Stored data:
======

theorem theorem3:
  fixes n :: nat
  assumes "n \<ge> 1"
  shows "n \<le> N (3 * n) (1 / 2) \<and> N (3 * n) (1 / 2) \<le> n + 1"
proof -
  obtain P\<^sub>0 :: "complex set" where P\<^sub>0: "sparse_configuration n P\<^sub>0"
    using sparse_configuration_exists assms by blast
  have "P\<^sub>0 \<in> point_sets (3 * n)" "\<forall>c. card (P\<^sub>0 \<inter> cball c (1/2)) \<le> n + 1"
    using P\<^sub>0 unfolding sparse_configuration_def point_sets_def by auto
  moreover have "\<forall>P\<in>point_sets (3 * n). \<exists>c. n \<le> card (P \<inter> cball c (1/2))"
    using half_disc_with_third_of_points assms unfolding point_sets_def by blast
  ultimately show ?thesis
    by (intro N_between) auto
qed

end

======

### EXERCISE:
The records above need to be retyped in full, exactly as given.

### TASK SOLUTION:
theorem theorem3:
  fixes n :: nat
  assumes "n \<ge> 1"
  shows "n \<le> N (3 * n) (1 / 2) \<and> N (3 * n) (1 / 2) \<le> n + 1"
proof -
  obtain P\<^sub>0 :: "complex set" where P\<^sub>0: "sparse_configuration n P\<^sub>0"
    using sparse_configuration_exists assms by blast
  have "P\<^sub>0 \<in> point_sets (3 * n)" "\<forall>c. card (P\<^sub>0 \<inter> cball c (1/2)) \<le> n + 1"
    using P\<^sub>0 unfolding sparse_configuration_def point_sets_def by auto
  moreover have "\<forall>P\<in>point_sets (3 * n). \<exists>c. n \<le> card (P \<inter> cball c (1/2))"
    using half_disc_with_third_of_points assms unfolding point_sets_def by blast
  ultimately show ?thesis
    by (intro N_between) auto
qed

end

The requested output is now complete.